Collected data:
lemma H5_edges:
  defines "X \<equiv> {{1, 2}, {2, 3}, {3, 1}, {1, 4}} :: nat set set"
  shows "leaf_graph 5 X" "card X = 4"
    "(\<Sum>j<4. real (layer X 5 j) * dpw \<alpha> (5 + j)) = 4 * dpw \<alpha> 5 + 3 * dpw \<alpha> 6 + dpw \<alpha> 7"
    "chi_leaf_edges \<alpha> X = 2 * pw \<alpha> 7 + 2 * pw \<alpha> 6"
proof -
  show leaf: "leaf_graph 5 X" unfolding X_def by (intro leaf_graph_insert leaf_graph_empty) auto
  show "card X = 4" by (simp add: X_def doubleton_eq_iff)
  have "\<Union>X = {1, 2, 3, 4}" by (auto simp: X_def)
  then show "(\<Sum>j<4. real (layer X 5 j) * dpw \<alpha> (5 + j)) = 4 * dpw \<alpha> 5 + 3 * dpw \<alpha> 6 + dpw \<alpha> 7"
    unfolding layer_eq_sum_Union[OF leaf] by (simp add: X_def deg_insert deg_empty doubleton_eq_iff numeral_eq_Suc)
  show "chi_leaf_edges \<alpha> X = 2 * pw \<alpha> 7 + 2 * pw \<alpha> 6"
    by (simp add: chi_leaf_edges_def X_def deg_insert deg_empty doubleton_eq_iff numeral_eq_Suc)
qed

lemma is_max_tree:
  assumes "1 \<le> \<alpha>" "1 \<le> n"
  shows "is_max \<alpha> (is_tree n) (star n)"
proof -
  have "is_max \<alpha> (is_tree n) (star n \<union> {})"
  proof (rule is_max_star_union[OF assms(1) _ leaf_graph_empty])
    fix H assume "leaf_graph n H" "card H = 0"
    then have "H = {}" using simple_graph_finite by (auto simp: leaf_graph_def)
    then show "chi \<alpha> (star n \<union> H) \<le> chi \<alpha> (star n \<union> {})" by simp
  qed (use assms in auto)
  then show ?thesis by simp
qed

lemma is_max_unicyclic:
  assumes "1 \<le> \<alpha>" "3 \<le> n"
  shows "is_max \<alpha> (unicyclic n) (star_plus n)"
  unfolding star_plus_def
proof (rule is_max_star_union[OF assms(1) _ star_plus_edges(1,2)[OF assms(2)]])
  fix H :: "nat set set" assume H: "leaf_graph n H" "card H = 1"
  have "layer H n 0 = 2" using sum_layer[OF H(1)] H(2) by simp
  then show "chi \<alpha> (star n \<union> H) \<le> chi \<alpha> (star n \<union> {{1, 2}})"
    using assms H star_plus_edges[OF assms(2)] chi_leaf_edges_le[of \<alpha> n H]
    by (intro chi_star_union_le) auto
qed (use assms in auto)

lemma is_max_bicyclic:
  assumes "1 \<le> \<alpha>" "4 \<le> n"
  shows "is_max \<alpha> (bicyclic n) (B1 n)"
  unfolding B1_def
proof (rule is_max_star_union[OF assms(1) _ B1_edges(1,2)[OF assms(2)]])
  fix H :: "nat set set" assume H: "leaf_graph n H" "card H = 2"
  then show "chi \<alpha> (star n \<union> H) \<le> chi \<alpha> (star n \<union> {{1, 2}, {2, 3}})"
    using assms B1_edges[OF assms(2)] layer_sum_le_bicyclic[OF assms(1) _ H] chi_leaf_edges_le[of \<alpha> n H]
    by (intro chi_star_union_le) auto
qed (use assms in auto)

lemma tricyclic_G4_G5:
  assumes "5 \<le> n"
  shows "tricyclic n (G4 n)" "tricyclic n (G5 n)"
proof -
  have "0 < n" using assms by simp
  then show "tricyclic n (G4 n)" "tricyclic n (G5 n)" unfolding G4_def G5_def
    using conn_k_cyclic_star_union[OF G4_edges(1)[OF assms]] conn_k_cyclic_star_union[OF G5_edges(1)[OF assms]]
      G4_edges(2)[OF assms] G5_edges(2)[OF assms] by blast+
qed

lemma chi_le_max_G4_G5:
  assumes "1 \<le> \<alpha>" "5 \<le> n" "tricyclic n E"
  shows "chi \<alpha> E \<le> max (chi \<alpha> (G4 n)) (chi \<alpha> (G5 n))"
proof -
  obtain H where H: "leaf_graph n H" "card H = 3" "chi \<alpha> E \<le> chi \<alpha> (star n \<union> H)"
    using exists_star_union_ge[OF assms(1,3)] assms(2) by auto
  have "chi \<alpha> (star n \<union> H) \<le> max (chi \<alpha> (G4 n)) (chi \<alpha> (G5 n))"
    using layer_sum_le_tricyclic[OF assms(1) _ H(1,2)] chi_leaf_edges_le[OF _ H(1), of \<alpha>] assms H(2)
      chi_star_union_layers[OF H(1)] G4_edges[OF assms(2)] G5_edges[OF assms(2)]
      chi_star_union_layers[OF G4_edges(1)[OF assms(2)]] chi_star_union_layers[OF G5_edges(1)[OF assms(2)]]
    by (simp add: G4_def G5_def max_def split: if_splits)
  then show ?thesis using H(3) by linarith
qed

lemma chi_G4_minus_G5:
  assumes "5 \<le> n"
  obtains z where "0 < z" "chi \<alpha> (G4 n) - chi \<alpha> (G5 n) = \<alpha> * (\<alpha> - 1) * (\<alpha> - 2) * z powr (\<alpha> - 3)"
proof -
  have "chi \<alpha> (G4 n) - chi \<alpha> (G5 n) = dpw \<alpha> n - 2 * dpw \<alpha> (n + 1) + dpw \<alpha> (n + 2)"
    using assms G4_edges[OF assms] G5_edges[OF assms]
      chi_star_union_layers[OF G4_edges(1)[OF assms]] chi_star_union_layers[OF G5_edges(1)[OF assms]]
    by (simp add: G4_def G5_def)
  with dpw_third_difference[of n \<alpha>] assms that show ?thesis by auto
qed

lemma chi_G4_vs_G5:
  assumes "5 \<le> n"
  shows "(1 < \<alpha> \<and> \<alpha> < 2 \<longrightarrow> chi \<alpha> (G4 n) < chi \<alpha> (G5 n))
    \<and> (\<alpha> > 2 \<longrightarrow> chi \<alpha> (G4 n) > chi \<alpha> (G5 n))
    \<and> (\<alpha> = 1 \<or> \<alpha> = 2 \<longrightarrow> chi \<alpha> (G4 n) = chi \<alpha> (G5 n))"
proof -
  obtain z where "0 < z" and diff: "chi \<alpha> (G4 n) - chi \<alpha> (G5 n) = \<alpha> * (\<alpha> - 1) * (\<alpha> - 2) * z powr (\<alpha> - 3)"
    using chi_G4_minus_G5[OF assms] .
  then have z: "0 < z powr (\<alpha> - 3)" by simp
  show ?thesis
  proof (intro conjI impI)
    assume "1 < \<alpha> \<and> \<alpha> < 2"
    then have "\<alpha> * (\<alpha> - 1) * (\<alpha> - 2) * z powr (\<alpha> - 3) < 0"
      using z by (intro mult_neg_pos mult_pos_neg mult_pos_pos) auto
    with diff show "chi \<alpha> (G4 n) < chi \<alpha> (G5 n)" by linarith
  next
    assume "2 < \<alpha>"
    then have "0 < \<alpha> * (\<alpha> - 1) * (\<alpha> - 2) * z powr (\<alpha> - 3)"
      using z by (intro mult_pos_pos) auto
    with diff show "chi \<alpha> (G4 n) > chi \<alpha> (G5 n)" by linarith
  next
    assume "\<alpha> = 1 \<or> \<alpha> = 2"
    with diff show "chi \<alpha> (G4 n) = chi \<alpha> (G5 n)" by auto
  qed
qed

lemma is_max_tetracyclic:
  assumes "1 \<le> \<alpha>" "6 \<le> n"
  shows "is_max \<alpha> (tetracyclic n) (H4 n)"
  unfolding H4_def
proof (rule is_max_star_union[OF assms(1) _ H4_edges(1,2)[OF assms(2)]])
  fix H :: "nat set set" assume H: "leaf_graph n H" "card H = 4"
  then show "chi \<alpha> (star n \<union> H) \<le> chi \<alpha> (star n \<union> {{1, 2}, {1, 3}, {1, 4}, {1, 5}})"
    using assms H4_edges[OF assms(2)] layer_sum_le_tetracyclic[OF assms(1) _ H] chi_leaf_edges_le[of \<alpha> n H]
    by (intro chi_star_union_le) auto
qed (use assms in auto)

lemma is_max_tetracyclic_5:
  assumes "1 \<le> \<alpha>"
  shows "is_max \<alpha> (tetracyclic 5) (H5 5)"
  unfolding H5_def
proof (rule is_max_star_union[OF assms(1) _ H5_edges(1,2)])
  fix H :: "nat set set" assume H: "leaf_graph 5 H" "card H = 4"
  have "layer H 5 0 \<le> 4" using layer_le[of H 5 0] by simp
  then have "layer H 5 3 = 0" using tetracyclic_layers_with_degree_4[OF H] by force
  then show "chi \<alpha> (star 5 \<union> H) \<le> chi \<alpha> (star 5 \<union> {{1, 2}, {2, 3}, {3, 1}, {1, 4}})"
    using assms H H5_edges layer_sum_le_tetracyclic_without_degree_4[OF assms(1) _ H]
      chi_leaf_edges_le_without_degree_4[of \<alpha> 5 H] \<open>layer H 5 0 \<le> 4\<close>
    by (intro chi_star_union_le) auto
qed simp

theorem theorem6:
  fixes \<alpha> :: real
  assumes "\<alpha> \<ge> 1"
  shows "(\<forall>n\<ge>1. is_max \<alpha> (is_tree n) (star n))
       \<and> (\<forall>n\<ge>3. is_max \<alpha> (unicyclic n) (star_plus n))
       \<and> (\<forall>n\<ge>4. is_max \<alpha> (bicyclic n) (B1 n))
       \<and> (\<forall>n\<ge>5. tricyclic n (G4 n) \<and> tricyclic n (G5 n)
            \<and> (\<forall>E. tricyclic n E \<longrightarrow> chi \<alpha> E \<le> max (chi \<alpha> (G4 n)) (chi \<alpha> (G5 n)))
            \<and> (1 < \<alpha> \<and> \<alpha> < 2 \<longrightarrow> chi \<alpha> (G4 n) < chi \<alpha> (G5 n))
            \<and> (\<alpha> > 2 \<longrightarrow> chi \<alpha> (G4 n) > chi \<alpha> (G5 n))
            \<and> (\<alpha> = 1 \<or> \<alpha> = 2 \<longrightarrow> chi \<alpha> (G4 n) = chi \<alpha> (G5 n)))
       \<and> (\<forall>n\<ge>6. is_max \<alpha> (tetracyclic n) (H4 n))
       \<and> is_max \<alpha> (tetracyclic 5) (H5 5)"
  using assms is_max_tree is_max_unicyclic is_max_bicyclic tricyclic_G4_G5 chi_le_max_G4_G5
    chi_G4_vs_G5 is_max_tetracyclic is_max_tetracyclic_5
  by auto

end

▶ **Exercise directions**:
Reply with nothing but a number. State how many lines in the records hold the word "rule".

▶ **Expected output**:
5